Graduate Institute of Life Sciences, National Defense Medical Center, Taipei, Taiwan.
Institute of Biomedical Sciences, Academia Sinica, Taipei, Taiwan.
Elife. 2023 Jul 27;12:e84679. doi: 10.7554/eLife.84679.

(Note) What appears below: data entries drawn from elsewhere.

lemma cdf_two_digits_shift_eq:
  assumes N: "N \<ge> 3" and ab: "a + 1 < N" "b < N" "b \<noteq> a" "b \<noteq> a + 1"
    and y: "\<lfloor>real N * y\<rfloor> \<notin> int ` {a, a + 1, b}"
  shows "cdf_B N (two_digits N a b) y = cdf_B N (two_digits N (a + 1) b) y"
proof -
  let ?z = "\<lfloor>real N * y\<rfloor>"
  have "{d \<in> {a, b}. int d < ?z} = (if int a < ?z then {a} else {}) \<union> {d \<in> {b}. int d < ?z}"
    and "{d \<in> {a + 1, b}. int d < ?z} = (if int a < ?z then {a + 1} else {}) \<union> {d \<in> {b}. int d < ?z}"
    using y by auto
  then have "card {d \<in> {a, b}. int d < ?z} = card {d \<in> {a + 1, b}. int d < ?z}"
    using ab by auto
  then show ?thesis
    using ab y
    by (simp add: cdf_B_off_digits digit_vector_two_digits[OF N] digit_set_two_digits)
qed

lemma cdf_two_digits_shift_less:
  assumes N: "N \<ge> 3" and ab: "a + 1 < N" "b < N" "b \<noteq> a" "b \<noteq> a + 1"
  defines "t \<equiv> real (a + 1) / real N"
  shows "cdf_B N (two_digits N (a + 1) b) t < cdf_B N (two_digits N a b) t"
proof -
  let ?B = "two_digits N a b" and ?C = "two_digits N (a + 1) b"
  let ?\<mu> = "ifs_measure N ?C"
  have B: "digit_vector N ?B" and C: "digit_vector N ?C"
    using ab by (auto intro!: digit_vector_two_digits[OF N])
  have Nt: "real N * t = real (a + 1)"
    using N by (simp add: t_def)
  have ss: "self_similar N {a + 1, b} ?\<mu>"
    using self_similar_ifs_measure[OF C] ab by (simp add: digit_set_two_digits)
  have unit: "measure ?\<mu> {0..1} = 1"
    by (rule ifs_measure_unit_interval[OF C])
  define v :: real where "v = of_bool (b < a + 1)"
  have "{d \<in> {a, b}. int d < int (a + 1)} = (if b < a + 1 then {a, b} else {a})"
    by auto
  then have "cdf_B N ?B t = (1 + v) / 2"
    using ab by (simp add: cdf_B_off_digits[OF B] digit_set_two_digits Nt v_def)
  moreover have "cdf_B N ?C t = (measure ?\<mu> {- real (a + 1) .. 0} + v) / 2"
  proof -
    have "measure ?\<mu> {- real b .. real (a + 1) - real b} = v"
      using ab ss unit unfolding v_def
      by (subst measure_shifted_interval) (auto simp: self_similar_def)
    then show ?thesis
      using ab unfolding cdf_B_eq_sum[OF C] by (simp add: digit_set_two_digits Nt)
  qed
  moreover have "measure ?\<mu> {- real (a + 1) .. 0} \<le> 1 / 2"
    using self_similar_measure_atMost_zero_le[OF ss unit] N ab by simp
  ultimately show ?thesis
    by simp
qed
(* There is an absolute constant $C>0$ such that the following holds. Let $n,d,k\ge1$, let $\phi:\mathbb{R}\to\mathbb{R}$ be $L$-Lipschitz with $\phi(0)=0$, let $b>0$, and let $x_1,\dots,x_n,x'_1,\dots,x'_n\in\mathbb{R}^d$ satisfy $\|x_i\|_2,\|x'_i\|_2\le b$. For $a>0$ let $\mathcal{G}^k_a=\{A\in\mathbb{R}^{d\times k}:\|A\|_{2,\infty}\le a\}$. Then $$\widehat{\mathfrak{R}}\big(\mathcal{F}_k(\mathcal{G}^k_a)\big)\le C\left(\frac1n+\frac{a^2b^2L^2}{\sqrt n}\sqrt{\log(2d)}\,\log\big(2+n\,b^2a^2L^2\big)\right);$$ in particular the bound does not depend on $k$.
   Context: For $A\in\mathbb{R}^{d\times k}$ with columns $A_{\cdot 1},\dots,A_{\cdot k}$: $\|A\|_{2,\infty}=\max_{j\le k}\|A_{\cdot j}\|_2$. For $u,v\in\mathbb{R}^k$, $\zeta_k(u,v)=\frac1k\|u-v\|_2^2$. The function $\phi$ is applied coordinatewise to vectors. Given fixed points $x_1,\dots,x_n,x'_1,\dots,x'_n\in\mathbb{R}^d$ and a set $\mathcal{G}\subset\mathbb{R}^{d\times k}$, define $\mathcal{F}_k(\mathcal{G})=\{(\zeta_k(\phi(A^tx_i),\phi(A^tx'_i)))_{i=1}^n : A\in\mathcal{G}\}\subset\mathbb{R}^n$. For a set $\mathcal{F}\subset\mathbb{R}^n$, $\widehat{\mathfrak{R}}(\mathcal{F})=\frac1n\mathbb{E}_\varepsilon\sup_{f\in\mathcal{F}}\sum_{i=1}^n\varepsilon_if_i$, where $\varepsilon_1,\dots,\varepsilon_n$ are i.i.d. uniform on $\{-1,1\}$. *)

theory Defs
  imports "HOL-Analysis.Analysis"
begin

text \<open>Dimensions vary inside the statement, so vectors in R^d are functions
  nat => real indexed by i < d, and d x k matrices are nat => nat => real
  (entry A i j, i < d, j < k), taken zero outside the index range.\<close>

definition matrices :: "nat \<Rightarrow> nat \<Rightarrow> (nat \<Rightarrow> nat \<Rightarrow> real) set" where
  "matrices d k = {A. \<forall>i j. \<not> (i < d \<and> j < k) \<longrightarrow> A i j = 0}"

definition norm_2_inf :: "nat \<Rightarrow> nat \<Rightarrow> (nat \<Rightarrow> nat \<Rightarrow> real) \<Rightarrow> real" where
  "norm_2_inf d k A = Max {sqrt (\<Sum>i<d. (A i j)\<^sup>2) | j. j < k}"

definition G_ball :: "nat \<Rightarrow> nat \<Rightarrow> real \<Rightarrow> (nat \<Rightarrow> nat \<Rightarrow> real) set" where
  "G_ball d k a = {A \<in> matrices d k. norm_2_inf d k A \<le> a}"

definition matT_vec :: "nat \<Rightarrow> (nat \<Rightarrow> nat \<Rightarrow> real) \<Rightarrow> (nat \<Rightarrow> real) \<Rightarrow> nat \<Rightarrow> real" where
  "matT_vec d A x = (\<lambda>j. \<Sum>i<d. A i j * x i)"

definition zeta :: "nat \<Rightarrow> (nat \<Rightarrow> real) \<Rightarrow> (nat \<Rightarrow> real) \<Rightarrow> real" where
  "zeta k u v = (1 / real k) * (\<Sum>j<k. (u j - v j)\<^sup>2)"

definition F_class ::
  "nat \<Rightarrow> nat \<Rightarrow> nat \<Rightarrow> (real \<Rightarrow> real) \<Rightarrow> (nat \<Rightarrow> nat \<Rightarrow> real) \<Rightarrow> (nat \<Rightarrow> nat \<Rightarrow> real)
    \<Rightarrow> (nat \<Rightarrow> nat \<Rightarrow> real) set \<Rightarrow> (nat \<Rightarrow> real) set" where
  "F_class n d k \<phi> x x' G =
     (\<lambda>A. (\<lambda>t. if t < n then zeta k (\<lambda>j. \<phi> (matT_vec d A (x t) j)) (\<lambda>j. \<phi> (matT_vec d A (x' t) j)) else 0)) ` G"

text \<open>Empirical Rademacher complexity: expectation over uniform signs in {-1,1}^n,
  written as the average over all 2^n sign vectors.\<close>
definition rademacher :: "nat \<Rightarrow> (nat \<Rightarrow> real) set \<Rightarrow> real" where
  "rademacher n F = (1 / real n) *
     ((\<Sum>\<epsilon>\<in>PiE {..<n} (\<lambda>_. {-1, 1}). Sup ((\<lambda>f. \<Sum>i<n. \<epsilon> i * f i) ` F)) / 2 ^ n)"

end

theory Submission
  imports Defs
begin

text \<open>Each entry of the class is an average over the columns \<open>w\<close> of \<open>A\<close> of
  \<open>(\<phi> \<langle>w, x\<^sub>t\<rangle> - \<phi> \<langle>w, x'\<^sub>t\<rangle>)\<^sup>2\<close>, so the supremum over \<open>A\<close> is at most the supremum over
  a single column of norm at most \<open>a\<close>; this is why \<open>k\<close> drops out. On that ball the loss
  \<open>(\<phi> p - \<phi> q)\<^sup>2\<close> is \<open>4L\<^sup>2ab\<close>-Lipschitz in \<open>(p, q)\<close> for the l1-norm, so a contraction
  argument with one sign vector per coordinate reduces the problem to the linear class
  \<open>w \<mapsto> (\<langle>w, x\<^sub>t\<rangle>, \<langle>w, x'\<^sub>t\<rangle>)\<close>, whose Rademacher average is at most \<open>ab \<surd>(2n)\<close> by
  Cauchy-Schwarz and Jensen. This gives \<open>8 \<surd>2 a\<^sup>2b\<^sup>2L\<^sup>2 / \<surd>n\<close>, and the logarithmic factors of
  the claimed bound are at least \<open>1/4\<close>.\<close>

definition sign_vectors :: "nat \<Rightarrow> (nat \<Rightarrow> real) set" where
  "sign_vectors m = PiE {..<m} (\<lambda>_. {-1, 1})"

definition sign_avg :: "nat \<Rightarrow> ((nat \<Rightarrow> real) \<Rightarrow> real) \<Rightarrow> real" where
  "sign_avg m f = (\<Sum>\<epsilon>\<in>sign_vectors m. f \<epsilon>) / 2 ^ m"

definition sign_avg2 :: "nat \<Rightarrow> ((nat \<Rightarrow> real) \<Rightarrow> (nat \<Rightarrow> real) \<Rightarrow> real) \<Rightarrow> real" where
  "sign_avg2 m g = sign_avg m (\<lambda>\<alpha>. sign_avg m (\<lambda>\<beta>. g \<alpha> \<beta>))"

lemma card_sign_vectors: "card (sign_vectors m) = 2 ^ m"
proof -
  have "card {-1::real, 1} = 2" by simp
  then show ?thesis unfolding sign_vectors_def by (simp add: card_PiE del: card_insert_disjoint)
qed

lemma sign_avg_Suc:
  "sign_avg (Suc m) f = (\<Sum>s\<in>{-1,1}. sign_avg m (\<lambda>\<epsilon>. f (\<epsilon>(m := s)))) / 2"
proof -
  let ?upd = "\<lambda>(s, \<epsilon>). \<epsilon>(m := s)"
  have eq: "sign_vectors (Suc m) = ?upd ` ({-1,1} \<times> sign_vectors m)"
    unfolding sign_vectors_def lessThan_Suc by (simp add: PiE_insert_eq)
  have inj: "inj_on ?upd ({-1,1} \<times> sign_vectors m)"
    unfolding sign_vectors_def using inj_combinator[of m "{..<m}" "\<lambda>_. {-1::real,1}"] by simp
  have "(\<Sum>\<epsilon>\<in>sign_vectors (Suc m). f \<epsilon>) = (\<Sum>s\<in>{-1,1}. \<Sum>\<epsilon>\<in>sign_vectors m. f (\<epsilon>(m := s)))"
    unfolding eq sum.reindex[OF inj] by (simp add: sum.cartesian_product case_prod_beta)
  then show ?thesis
    unfolding sign_avg_def by (simp add: field_simps)
qed

lemma sign_avg_mono:
  "(\<And>\<epsilon>. \<epsilon> \<in> sign_vectors m \<Longrightarrow> f \<epsilon> \<le> g \<epsilon>) \<Longrightarrow> sign_avg m f \<le> sign_avg m g"
  unfolding sign_avg_def by (intro divide_right_mono sum_mono) auto

lemma sign_avg_add: "sign_avg m (\<lambda>\<epsilon>. f \<epsilon> + g \<epsilon>) = sign_avg m f + sign_avg m g"
  unfolding sign_avg_def by (simp add: sum.distrib add_divide_distrib)

lemma sign_avg_sum:
  "sign_avg m (\<lambda>\<epsilon>. \<Sum>i\<in>I. f i \<epsilon>) = (\<Sum>i\<in>I. sign_avg m (f i))"
  unfolding sign_avg_def by (simp add: sum.swap[of _ I] sum_divide_distrib)

lemma sign_avg_mult_left: "sign_avg m (\<lambda>\<epsilon>. c * f \<epsilon>) = c * sign_avg m f"
  unfolding sign_avg_def by (simp add: sum_distrib_left)

lemma sign_avg_divide: "sign_avg m (\<lambda>\<epsilon>. f \<epsilon> / c) = sign_avg m f / c"
  unfolding sign_avg_def by (simp add: sum_divide_distrib mult.commute)

lemma sign_avg_const: "sign_avg m (\<lambda>_. c) = c"
  unfolding sign_avg_def by (simp add: card_sign_vectors)

lemma sign_avg_nonneg: "(\<And>\<epsilon>. 0 \<le> f \<epsilon>) \<Longrightarrow> 0 \<le> sign_avg m f"
  using sign_avg_mono[of m "\<lambda>_. 0" f] by (simp add: sign_avg_const)

lemma sign_avg_le_sqrt: "sign_avg m f \<le> sqrt (sign_avg m (\<lambda>\<epsilon>. (f \<epsilon>)\<^sup>2))"
proof (rule real_le_rsqrt)
  have "(\<Sum>\<epsilon>\<in>sign_vectors m. f \<epsilon>)\<^sup>2 \<le> (\<Sum>\<epsilon>\<in>sign_vectors m. (f \<epsilon>)\<^sup>2) * 2 ^ m"
    using sum_squared_le_sum_of_squares[of f "sign_vectors m"] by (simp add: card_sign_vectors)
  then show "(sign_avg m f)\<^sup>2 \<le> sign_avg m (\<lambda>\<epsilon>. (f \<epsilon>)\<^sup>2)"
    unfolding sign_avg_def by (simp add: power_divide field_simps power2_eq_square)
qed

lemma sign_avg2_Suc:
  "sign_avg2 (Suc m) g =
     sign_avg2 m (\<lambda>\<alpha> \<beta>. (\<Sum>s\<in>{-1,1}. \<Sum>s'\<in>{-1,1}. g (\<alpha>(m := s)) (\<beta>(m := s'))) / 4)"
  unfolding sign_avg2_def sign_avg_Suc
  by (simp add: sign_avg_add sign_avg_divide add_divide_distrib)

lemma sign_avg2_mono:
  "(\<And>\<alpha> \<beta>. g \<alpha> \<beta> \<le> h \<alpha> \<beta>) \<Longrightarrow> sign_avg2 m g \<le> sign_avg2 m h"
  unfolding sign_avg2_def by (intro sign_avg_mono) auto

lemma sign_avg2_add:
  "sign_avg2 m (\<lambda>\<alpha> \<beta>. g \<alpha> \<beta> + h \<alpha> \<beta>) = sign_avg2 m g + sign_avg2 m h"
  unfolding sign_avg2_def by (simp add: sign_avg_add)

lemma sign_avg2_mult_left: "sign_avg2 m (\<lambda>\<alpha> \<beta>. c * g \<alpha> \<beta>) = c * sign_avg2 m g"
  unfolding sign_avg2_def by (simp add: sign_avg_mult_left)

lemma sign_avg2_le_sqrt: "sign_avg2 m g \<le> sqrt (sign_avg2 m (\<lambda>\<alpha> \<beta>. (g \<alpha> \<beta>)\<^sup>2))"
proof -
  have "sign_avg2 m g \<le> sign_avg m (\<lambda>\<alpha>. sqrt (sign_avg m (\<lambda>\<beta>. (g \<alpha> \<beta>)\<^sup>2)))"
    unfolding sign_avg2_def by (intro sign_avg_mono sign_avg_le_sqrt)
  also have "\<dots> \<le> sqrt (sign_avg m (\<lambda>\<alpha>. (sqrt (sign_avg m (\<lambda>\<beta>. (g \<alpha> \<beta>)\<^sup>2)))\<^sup>2))"
    by (rule sign_avg_le_sqrt)
  also have "\<dots> = sqrt (sign_avg2 m (\<lambda>\<alpha> \<beta>. (g \<alpha> \<beta>)\<^sup>2))"
    unfolding sign_avg2_def
    by (simp add: sign_avg_nonneg)
  finally show ?thesis .
qed

lemma sum_lessThan_Suc_fun_upd:
  "(\<Sum>t<Suc m. (\<epsilon>(m := s)) t * f t) = (\<Sum>t<m. \<epsilon> t * f t) + s * f m"
proof -
  have "(\<Sum>t<m. (\<epsilon>(m := s)) t * f t) = (\<Sum>t<m. \<epsilon> t * f t)"
    by (rule sum.cong) auto
  then show ?thesis by simp
qed

lemma sum_lessThan_Suc_fun_upd2:
  "(\<Sum>t<Suc m. (\<alpha>(m := s)) t * f t + (\<beta>(m := s')) t * g t)
     = (\<Sum>t<m. \<alpha> t * f t + \<beta> t * g t) + (s * f m + s' * g m)"
proof -
  have "(\<Sum>t<m. (\<alpha>(m := s)) t * f t + (\<beta>(m := s')) t * g t) = (\<Sum>t<m. \<alpha> t * f t + \<beta> t * g t)"
    by (rule sum.cong) auto
  then show ?thesis by simp
qed

lemma sign_avg_square_sum:
  "sign_avg m (\<lambda>\<epsilon>. (c + (\<Sum>t<m. \<epsilon> t * v t))\<^sup>2) = c\<^sup>2 + (\<Sum>t<m. (v t)\<^sup>2)"
proof (induction m arbitrary: c)
  case 0
  then show ?case by (simp add: sign_avg_const)
next
  case (Suc m)
  have "sign_avg (Suc m) (\<lambda>\<epsilon>. (c + (\<Sum>t<Suc m. \<epsilon> t * v t))\<^sup>2)
      = (\<Sum>s\<in>{-1,1}. sign_avg m (\<lambda>\<epsilon>. ((c + s * v m) + (\<Sum>t<m. \<epsilon> t * v t))\<^sup>2)) / 2"
    unfolding sign_avg_Suc sum_lessThan_Suc_fun_upd by (simp add: algebra_simps)
  also have "\<dots> = c\<^sup>2 + (\<Sum>t<Suc m. (v t)\<^sup>2)"
    unfolding Suc.IH by (simp add: power2_eq_square algebra_simps)
  finally show ?case .
qed

lemma bounded_mult_left_comp:
  fixes f :: "'a \<Rightarrow> real"
  shows "bounded (f ` S) \<Longrightarrow> bounded ((\<lambda>x. c * f x) ` S)"
  using bounded_scaleR_comp[of f S c] by simp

Zebrafish exhibit a robust ability to regenerate their hearts following injury, and the immune system plays a key role in this process. We previously showed that delaying macrophage recruitment by clodronate liposome (-1d_CL, macrophage-delayed model) impairs neutrophil resolution and heart regeneration, even when the infiltrating macrophage number was restored within the first week post injury (Lai et al., 2017). It is thus intriguing to learn the regenerative macrophage property by comparing these late macrophages vs. control macrophages during cardiac repair. Here, we further investigate the mechanistic insights of heart regeneration by comparing the non-regenerative macrophage-delayed model with regenerative controls. Temporal RNAseq analyses revealed that -1d_CL treatment led to disrupted inflammatory resolution, reactive oxygen species homeostasis, and energy metabolism during cardiac repair. Comparative single-cell RNAseq profiling of inflammatory cells from regenerative vs. non-regenerative hearts further identified heterogeneous macrophages and neutrophils, showing alternative activation and cellular crosstalk leading to neutrophil retention and chronic inflammation. Among macrophages, two residential subpopulations ( Mac and Mac 3) were enriched only in regenerative hearts and barely recovered after +1d_CL treatment. To deplete the resident macrophage without delaying the circulating macrophage recruitment, we established the resident macrophage-deficient model by administrating CL earlier at 8 d (-8d_CL) before cryoinjury. Strikingly, resident macrophage-deficient zebrafish still exhibited defects in revascularization, cardiomyocyte survival, debris clearance, and extracellular matrix remodeling/scar resolution without functional compensation from the circulating/monocyte-derived macrophages. Our results characterized the diverse function and interaction between inflammatory cells and identified unique resident macrophages prerequisite for zebrafish heart regeneration.
斑马鱼在受伤后表现出强大的心脏再生能力,而免疫系统在这个过程中起着关键作用。我们之前曾表明,通过使用氯膦酸盐脂质体(-1d_CL,巨噬细胞延迟模型)延迟巨噬细胞募集会损害中性粒细胞的清除和心脏再生,即使在损伤后第一周内恢复了浸润巨噬细胞数量(Lai 等人,2017)。因此,通过比较心脏修复过程中的这些晚期巨噬细胞与对照巨噬细胞,了解再生巨噬细胞的特性是很有趣的。在这里,我们通过比较非再生性巨噬细胞延迟模型与再生性对照模型,进一步研究心脏再生的机制见解。时间 RNAseq 分析表明,-1d_CL 处理导致心脏修复过程中炎症反应的清除、活性氧稳态和能量代谢受到破坏。对来自再生性和非再生性心脏的炎症细胞进行比较单细胞 RNAseq 分析进一步鉴定了异质性巨噬细胞和中性粒细胞,显示出替代性激活和细胞串扰,导致中性粒细胞滞留和慢性炎症。在巨噬细胞中,仅在再生性心脏中富集了两个常驻亚群(Mac 和 Mac3),并且在 +1d_CL 处理后几乎没有恢复。为了在不延迟循环巨噬细胞募集的情况下耗尽常驻巨噬细胞,我们通过在冷冻损伤前 8 天(-8d_CL)更早地给予 CL 建立了常驻巨噬细胞缺陷模型。令人惊讶的是,常驻巨噬细胞缺陷型斑马鱼仍然表现出血管生成、心肌细胞存活、碎片清除和细胞外基质重塑/疤痕消退缺陷,而循环/单核细胞衍生的巨噬细胞没有功能补偿。我们的研究结果描述了炎症细胞之间的多种功能和相互作用,并确定了独特的常驻巨噬细胞是斑马鱼心脏再生的必要条件。